The narrative structure of Great Expectations is leaned on a complex
net of contrasts, repetitions and coincidences. This repetition and contrast
as narrative models contribute to the formal unit of Great Expectations.
Referring to the contrasts, we find the darkness in which Miss HAvisham
lives in front of the light of Joe´s forge. The kindness and patience
of Joe rebound in front of the violent character of his wife. Biddy is
the opposite of Estella. The chivalry of Herbert contrasts with the brutality
of Drummle. The obsesive eagerness of cleanness of Mrs. Gargery contrasts
with the untidiness of Miss Havisham and the passivity of Mrs Pocket.
The
play on contrasts remembers one of the resorts of Victorian narrative:
repetition. Repetition consists on the appearance more than once of similar
incidents. For instance, in chapter X, Pip is in the bar of the village
with Joe and Wople. In chapter XVIII, the same characters (Pip, Joe and
Wopsle) appear.
Another
interesting case of repetition is the succession of meals in which characters
establish relations among them. Both Brontë and Dickens portray
food and drink as figurative emblems illustrative of broader hungers and
thirsts that inform characters' experiences.
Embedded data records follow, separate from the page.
lemma block_perm_mult:
  assumes g: "g \<in> carrier (GL n)" "q_compatible n q g" and h: "h \<in> carrier (GL n)" "q_compatible n q h"
  shows "block_perm n q (g * h) = block_perm n q g \<circ> block_perm n q h"
proof
  fix B
  have gc: "g \<in> carrier_mat n n" "h \<in> carrier_mat n n"
    using g(1) h(1) by (simp_all add: GL_carrier_iff)
  have gh: "g * h \<in> carrier (GL n)" "q_compatible n q (g * h)"
    using GL_mult_closed[OF g(1) h(1)] q_compatible_mult[OF gc(1) g(2) gc(2) h(2)] .
  show "block_perm n q (g * h) B = (block_perm n q g \<circ> block_perm n q h) B"
  proof (cases "B \<in> blocks n q")
    case False
    then show ?thesis
      by (simp add: block_perm_outside)
  next
    case True
    then obtain a i where ai: "a < n" "i < n" "(g * h)$$(a,i) \<noteq> 0" "B = block n q i"
        and "block_perm n q (g * h) B = block n q a"
      by (rule block_perm_blockE[OF gh])
    moreover obtain k where "k < n" "g$$(a,k) \<noteq> 0" "h$$(k,i) \<noteq> 0"
      using index_mult_mat_nonzeroE[OF gc ai(1-3)] .
    ultimately show ?thesis
      using block_perm_block[OF g] block_perm_block[OF h] by simp
  qed
qed

section \<open>The splitting map iota\<close>

definition iota_index :: "nat \<Rightarrow> (nat \<Rightarrow> nat \<Rightarrow> 'k) \<Rightarrow> (nat set \<Rightarrow> nat set) \<Rightarrow> nat \<Rightarrow> nat" where
  "iota_index n q \<sigma> b = enum (\<sigma> (block n q b)) (pos_in (block n q b) b)"

lemma index_iota: "a < n \<Longrightarrow> b < n \<Longrightarrow> iota n q \<sigma> $$ (a,b) = (if a = iota_index n q \<sigma> b then 1 else 0)"
  unfolding iota_def iota_index_def by (simp add: block_of_eq_block)

lemma dim_iota [simp]: "dim_row (iota n q \<sigma>) = n" "dim_col (iota n q \<sigma>) = n"
  unfolding iota_def by simp_all

lemma iota_carrier: "iota n q \<sigma> \<in> carrier_mat n n"
  by (simp add: carrier_matI)

context
  fixes n :: nat and q :: "nat \<Rightarrow> nat \<Rightarrow> 'k::field" and \<sigma> :: "nat set \<Rightarrow> nat set"
  assumes stab: "\<sigma> \<in> stab n q"
begin

lemma stab_permutes: "\<sigma> permutes blocks n q"
  using stab by (simp add: stab_def)

lemma stab_card: "B \<in> blocks n q \<Longrightarrow> card (\<sigma> B) = card B"
  using stab by (simp add: stab_def)

lemma stab_q:
  "B \<in> blocks n q \<Longrightarrow> C \<in> blocks n q \<Longrightarrow> a < card B \<Longrightarrow> b < card C
    \<Longrightarrow> q (enum (\<sigma> B) a) (enum (\<sigma> C) b) = q (enum B a) (enum C b)"
  using stab by (simp add: stab_def)

lemma iota_index_mem:
  assumes "b < n"
  shows "iota_index n q \<sigma> b \<in> \<sigma> (block n q b)" "iota_index n q \<sigma> b < n"
proof -
  have B: "block n q b \<in> blocks n q" and \<sigma>B: "\<sigma> (block n q b) \<in> blocks n q"
    using block_in_blocks[OF assms] permutes_in_image[OF stab_permutes] by auto
  have "pos_in (block n q b) b < card (\<sigma> (block n q b))"
    using pos_in(1)[OF finite_block[OF B] block_self[OF assms]] stab_card[OF B] by simp
  then show "iota_index n q \<sigma> b \<in> \<sigma> (block n q b)"
    unfolding iota_index_def using enum_mem finite_block[OF \<sigma>B] by blast
  then show "iota_index n q \<sigma> b < n"
    using blocks_subset[OF \<sigma>B] by blast
qed

lemma block_iota_index: "b < n \<Longrightarrow> block n q (iota_index n q \<sigma> b) = \<sigma> (block n q b)"
  using block_eq_of_mem[OF _ iota_index_mem(1)] block_in_blocks permutes_in_image[OF stab_permutes]
  by metis

lemma iota_index_inject:
  assumes "b < n" "c < n" "iota_index n q \<sigma> b = iota_index n q \<sigma> c"
  shows "b = c"
proof -
  let ?B = "block n q b"
  have "\<sigma> ?B = \<sigma> (block n q c)"
    using block_iota_index assms by metis
  then have c: "c \<in> ?B"
    using permutes_inj[OF stab_permutes] block_self[OF assms(2)] by (metis injD)
  have B: "?B \<in> blocks n q" "\<sigma> ?B \<in> blocks n q"
    using block_in_blocks[OF assms(1)] permutes_in_image[OF stab_permutes] by auto
  have "pos_in ?B b = pos_in ?B c"
    using assms(3) \<open>\<sigma> ?B = \<sigma> (block n q c)\<close> enum_inject[OF finite_block[OF B(2)]] stab_card[OF B(1)]
      pos_in(1)[OF finite_block[OF B(1)] block_self[OF assms(1)]] pos_in(1)[OF finite_block[OF B(1)] c]
    by (simp add: iota_index_def block_eq_of_mem[OF B(1) c])
  then show ?thesis
    using pos_in(2)[OF finite_block[OF B(1)] block_self[OF assms(1)]] pos_in(2)[OF finite_block[OF B(1)] c]
    by metis
qed

lemma iota_index_q: "i < n \<Longrightarrow> j < n \<Longrightarrow> q (iota_index n q \<sigma> i) (iota_index n q \<sigma> j) = q i j"
  using stab_q[OF block_in_blocks block_in_blocks] pos_in finite_block block_in_blocks block_self
  unfolding iota_index_def by metis

lemma iota_q_compatible: "q_compatible n q (iota n q \<sigma>)"
  unfolding q_compatible_def by (auto simp: index_iota iota_index_q split: if_splits)

lemma iota_GL: "iota n q \<sigma> \<in> carrier (GL n)"
proof -
  let ?M = "iota n q \<sigma>"
  have MT: "transpose_mat ?M \<in> carrier_mat n n"
    by (simp add: carrier_matI)
  have "transpose_mat ?M * ?M = 1\<^sub>m n"
  proof (rule eq_matI)
    fix b c assume "b < dim_row (1\<^sub>m n :: 'k mat)" "c < dim_col (1\<^sub>m n :: 'k mat)"
    then have bc: "b < n" "c < n"
      by simp_all
    have "(transpose_mat ?M * ?M) $$ (b,c) = (\<Sum>a<n. transpose_mat ?M $$ (b,a) * ?M $$ (a,c))"
      using index_mult_mat_lessThan[OF MT iota_carrier bc] .
    also have "\<dots> = (\<Sum>a<n. if a = iota_index n q \<sigma> b then (if a = iota_index n q \<sigma> c then 1 else 0) else 0)"
      using bc by (intro sum.cong refl) (simp add: index_iota)
    also have "\<dots> = (if iota_index n q \<sigma> b = iota_index n q \<sigma> c then 1 else 0)"
      using iota_index_mem(2)[OF bc(1)] by simp
    also have "\<dots> = 1\<^sub>m n $$ (b,c)"
      using bc iota_index_inject[OF bc] by auto
    finally show "(transpose_mat ?M * ?M) $$ (b,c) = 1\<^sub>m n $$ (b,c)" .
  qed (simp_all add: iota_carrier)
  then have "?M * transpose_mat ?M = 1\<^sub>m n"
    using mat_mult_left_right_inverse[OF MT iota_carrier] by blast
  with \<open>transpose_mat ?M * ?M = 1\<^sub>m n\<close> show ?thesis
    using iota_carrier[of n q \<sigma>]
    by (auto simp: GL_carrier_iff invertible_mat_def inverts_mat_def intro!: exI[of _ "transpose_mat ?M"])
qed

lemma block_perm_iota: "block_perm n q (iota n q \<sigma>) = \<sigma>"
proof
  fix B
  show "block_perm n q (iota n q \<sigma>) B = \<sigma> B"
  proof (cases "B \<in> blocks n q")
    case False
    then show ?thesis
      using block_perm_outside permutes_not_in[OF stab_permutes] by metis
  next
    case True
    then obtain i where i: "i < n" "B = block n q i"
      by (rule blocksE)
    have "iota n q \<sigma> $$ (iota_index n q \<sigma> i, i) \<noteq> 0"
      by (simp add: index_iota iota_index_mem(2) i(1))
    then show ?thesis
      using block_perm_block[OF iota_GL iota_q_compatible iota_index_mem(2)[OF i(1)] i(1)]
        block_iota_index[OF i(1)] i(2) by simp
  qed
qed

end

section \<open>The kernel\<close>

definition block_diagonal :: "nat \<Rightarrow> (nat \<Rightarrow> nat \<Rightarrow> 'k) \<Rightarrow> 'k::zero mat \<Rightarrow> bool" where
  "block_diagonal n q g \<longleftrightarrow> (\<forall>a<n. \<forall>b<n. g$$(a,b) \<noteq> 0 \<longrightarrow> row_equiv n q a b)"

lemma block_perm_eq_id_iff:
  assumes gl: "g \<in> carrier (GL n)" and compat: "q_compatible n q g"
  shows "block_perm n q g = id \<longleftrightarrow> block_diagonal n q g"
proof
  assume "block_perm n q g = id"
  then show "block_diagonal n q g"
    unfolding block_diagonal_def
    using block_perm_block[OF gl compat] block_eq_iff by (metis id_apply)
next
  assume bd: "block_diagonal n q g"
  show "block_perm n q g = id"
  proof
    fix B
    show "block_perm n q g B = id B"
    proof (cases "B \<in> blocks n q")
      case True
      then obtain a i where "a < n" "i < n" "g$$(a,i) \<noteq> 0" "B = block n q i" "block_perm n q g B = block n q a"
        by (rule block_perm_blockE[OF gl compat])
      then show ?thesis
        using bd unfolding block_diagonal_def by (simp add: block_eq_iff)
    qed (simp add: block_perm_outside)
  qed
qed

lemma block_diagonal_q_compatible:
  assumes "qpm n q" "block_diagonal n q g"
  shows "q_compatible n q g"
  using assms q_equiv unfolding block_diagonal_def q_compatible_def by metis

lemma kernel_block_perm:
  assumes qpm: "qpm n q"
  shows "kernel (AutGr n q) (StabG n q) (block_perm n q) = {g \<in> carrier (GL n). block_diagonal n q g}"
  unfolding kernel_def StabG_def
  using AutGr_carrier_iff[OF qpm] block_perm_eq_id_iff block_diagonal_q_compatible[OF qpm] by auto

lemma block_diagonal_mult:
  fixes g h :: "'k::semiring_0 mat"
  assumes "g \<in> carrier_mat n n" "h \<in> carrier_mat n n" "block_diagonal n q g" "block_diagonal n q h"
  shows "block_diagonal n q (g * h)"
  unfolding block_diagonal_def
proof (intro allI impI)
  fix a c assume "a < n" "c < n" "(g * h)$$(a,c) \<noteq> 0"
  then obtain k where "k < n" "g$$(a,k) \<noteq> 0" "h$$(k,c) \<noteq> 0"
    using index_mult_mat_nonzeroE[OF assms(1,2)] by metis
  then show "row_equiv n q a c"
    using assms(3,4) \<open>a < n\<close> \<open>c < n\<close> row_equiv_trans unfolding block_diagonal_def by metis
qed

definition diag_indicator :: "nat \<Rightarrow> nat set \<Rightarrow> 'k::zero_neq_one mat" where
  "diag_indicator n S = mat n n (\<lambda>(a,b). if a = b \<and> a \<in> S then 1 else 0)"

lemma commute_diag_indicator_iff:
  fixes g :: "'k::semiring_1 mat"
  assumes g: "g \<in> carrier_mat n n"
  shows "g * diag_indicator n S = diag_indicator n S * g \<longleftrightarrow>
    (\<forall>a<n. \<forall>b<n. g$$(a,b) \<noteq> 0 \<longrightarrow> (a \<in> S \<longleftrightarrow> b \<in> S))"
proof -
  have D: "diag_indicator n S \<in> carrier_mat n n"
    by (simp add: diag_indicator_def)
  have left: "(g * diag_indicator n S)$$(a,b) = (if b \<in> S then g$$(a,b) else 0)" if "a < n" "b < n" for a b
  proof -
    have "(g * diag_indicator n S)$$(a,b) = (\<Sum>k<n. g$$(a,k) * diag_indicator n S $$ (k,b))"
      by (rule index_mult_mat_lessThan[OF g D that])
    also have "\<dots> = (\<Sum>k<n. if k = b then (if b \<in> S then g$$(a,k) else 0) else 0)"
      using that by (intro sum.cong refl) (auto simp: diag_indicator_def)
    finally show ?thesis
      using that by simp
  qed
  have right: "(diag_indicator n S * g)$$(a,b) = (if a \<in> S then g$$(a,b) else 0)" if "a < n" "b < n" for a b
  proof -
    have "(diag_indicator n S * g)$$(a,b) = (\<Sum>k<n. diag_indicator n S $$ (a,k) * g$$(k,b))"
      by (rule index_mult_mat_lessThan[OF D g that])
    also have "\<dots> = (\<Sum>k<n. if k = a then (if a \<in> S then g$$(k,b) else 0) else 0)"
      using that by (intro sum.cong refl) (auto simp: diag_indicator_def)
    finally show ?thesis
      using that by simp
  qed
  have "g * diag_indicator n S = diag_indicator n S * g \<longleftrightarrow>
      (\<forall>a<n. \<forall>b<n. (g * diag_indicator n S)$$(a,b) = (diag_indicator n S * g)$$(a,b))"
    using g D by (auto intro!: eq_matI)
  also have "\<dots> \<longleftrightarrow> (\<forall>a<n. \<forall>b<n. g$$(a,b) \<noteq> 0 \<longrightarrow> (a \<in> S \<longleftrightarrow> b \<in> S))"
    using left right by auto
  finally show ?thesis .
qed

lemma block_diagonal_iff_commute:
  fixes g :: "'k::semiring_1 mat"
  assumes g: "g \<in> carrier_mat n n"
  shows "block_diagonal n q g \<longleftrightarrow>
    (\<forall>B\<in>blocks n q. g * diag_indicator n B = diag_indicator n B * g)"
  unfolding commute_diag_indicator_iff[OF g] block_diagonal_def
proof
  assume bd: "\<forall>a<n. \<forall>b<n. g$$(a,b) \<noteq> 0 \<longrightarrow> row_equiv n q a b"
  show "\<forall>B\<in>blocks n q. \<forall>a<n. \<forall>b<n. g$$(a,b) \<noteq> 0 \<longrightarrow> (a \<in> B \<longleftrightarrow> b \<in> B)"
  proof (intro ballI allI impI)
    fix B a b assume B: "B \<in> blocks n q" and ab: "a < n" "b < n" "g$$(a,b) \<noteq> 0"
    then have "row_equiv n q a b" "row_equiv n q b a"
      using bd row_equiv_sym by blast+
    with ab(1,2) show "a \<in> B \<longleftrightarrow> b \<in> B"
      using row_equiv_iff_mem_block[OF B] by metis
  qed
next
  assume commute: "\<forall>B\<in>blocks n q. \<forall>a<n. \<forall>b<n. g$$(a,b) \<noteq> 0 \<longrightarrow> (a \<in> B \<longleftrightarrow> b \<in> B)"
  show "\<forall>a<n. \<forall>b<n. g$$(a,b) \<noteq> 0 \<longrightarrow> row_equiv n q a b"
  proof (intro allI impI)
    fix a b assume ab: "a < n" "b < n" "g$$(a,b) \<noteq> 0"
    then have "a \<in> block n q b"
      using commute[rule_format, OF block_in_blocks[OF ab(2)] ab] block_self[OF ab(2)] by simp
    then show "row_equiv n q a b"
      by (simp add: mem_block)
  qed
qed

lemma block_diagonal_inverse:
  fixes g h :: "'k::semiring_1 mat"
  assumes g: "g \<in> carrier_mat n n" and h: "h \<in> carrier_mat n n"
    and gh: "g * h = 1\<^sub>m n" and hg: "h * g = 1\<^sub>m n" and bd: "block_diagonal n q g"
  shows "block_diagonal n q h"
  unfolding block_diagonal_iff_commute[OF h]
proof
  fix B assume "B \<in> blocks n q"
  let ?P = "diag_indicator n B :: 'k mat"
  have P: "?P \<in> carrier_mat n n"
    by (simp add: diag_indicator_def)
  have commute: "g * ?P = ?P * g"
    using bd \<open>B \<in> blocks n q\<close> block_diagonal_iff_commute[OF g] by blast
  have "h * ?P = h * ?P * (g * h)"
    using h P gh by simp
  also have "\<dots> = h * (?P * g) * h"
    using h P g by (simp add: assoc_mult_mat[of _ n n _ n _ n])
  also have "\<dots> = (h * g) * ?P * h"
    unfolding commute[symmetric] using h P g by (simp add: assoc_mult_mat[of _ n n _ n _ n])
  also have "\<dots> = ?P * h"
    using hg P by simp
  finally show "h * ?P = ?P * h" .
qed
The first meal in Great Expectations occurs in the chapter III,
when the convict, Magwitch, starving and cold eats the provisions
that Pip has given him. And it is also interesting to point out that the
first humiliation of Pip in Satis House takes place when Estella gives
him the food on the floor as if he was a dog.
In Jane Eyre, Brontë's
description of the scanty, spoiled food at Lowood emphasizes hunger and
scarcity, Dickens's repeated images of exuberent drunken revelry suggest
a diet of abundance, excess, and contentment. In terms of technique, Brontë
employs hunger as a conceit, or extended metaphor, which characterizes
the theme of Jane's appetite for social, sexual, and spiritual fulfillment.
At Lowood, Jane's "ravenous" hunger suggests the passion and impetuosity
of her orphaned youth and the hunger that plagued the working class in
the decade immediately preceding Jane Eyre's publication (Douglas,
"Health and Hygiene"). Remember, while Jane is benefitting from
Miss Temple's philanthropy, typhus fever descends upon Lowood, killing
more than half the orphans.
Whereas Brontë stresses
scarcity and bereftness, Dickens's style itself enacts the abundance and
nourishment which Pickwick Papers and his light-hearted community
of contented middle-class males celebrate.
REFERENCES
For
this page, I have consulted the following web-essays:
1) "Female Aggressiveness in Great Expectations" by George P. Landow, Professor of English and Art History, Brown University].
2) "Women and Social Status in Great Expectations" by M. Bernadette Vergara '97 (English 168 Sec. 2, 1996).
3) "In What Sense is Jane Eyre a Feminist Novel?", by George P. Landow, Professor of English and Art History, Brown University.
4) "Use of setting", by E. D. H. Johnson, Holmes Professor of Belles Lettres, Princeton University.
5) "Cyclical versus Linear Setting in Jane Eyre and Great Expectations", by May Lee Ô97 (English 73, 1995).
6) "Setting and Characterization in Jane Eyre", by George P. Landow, Professor of English and Art History, Brown University.
7) "Food in Brontë and Dickens", by Benjamin Graves '97 (English 73 Brown University, 1996).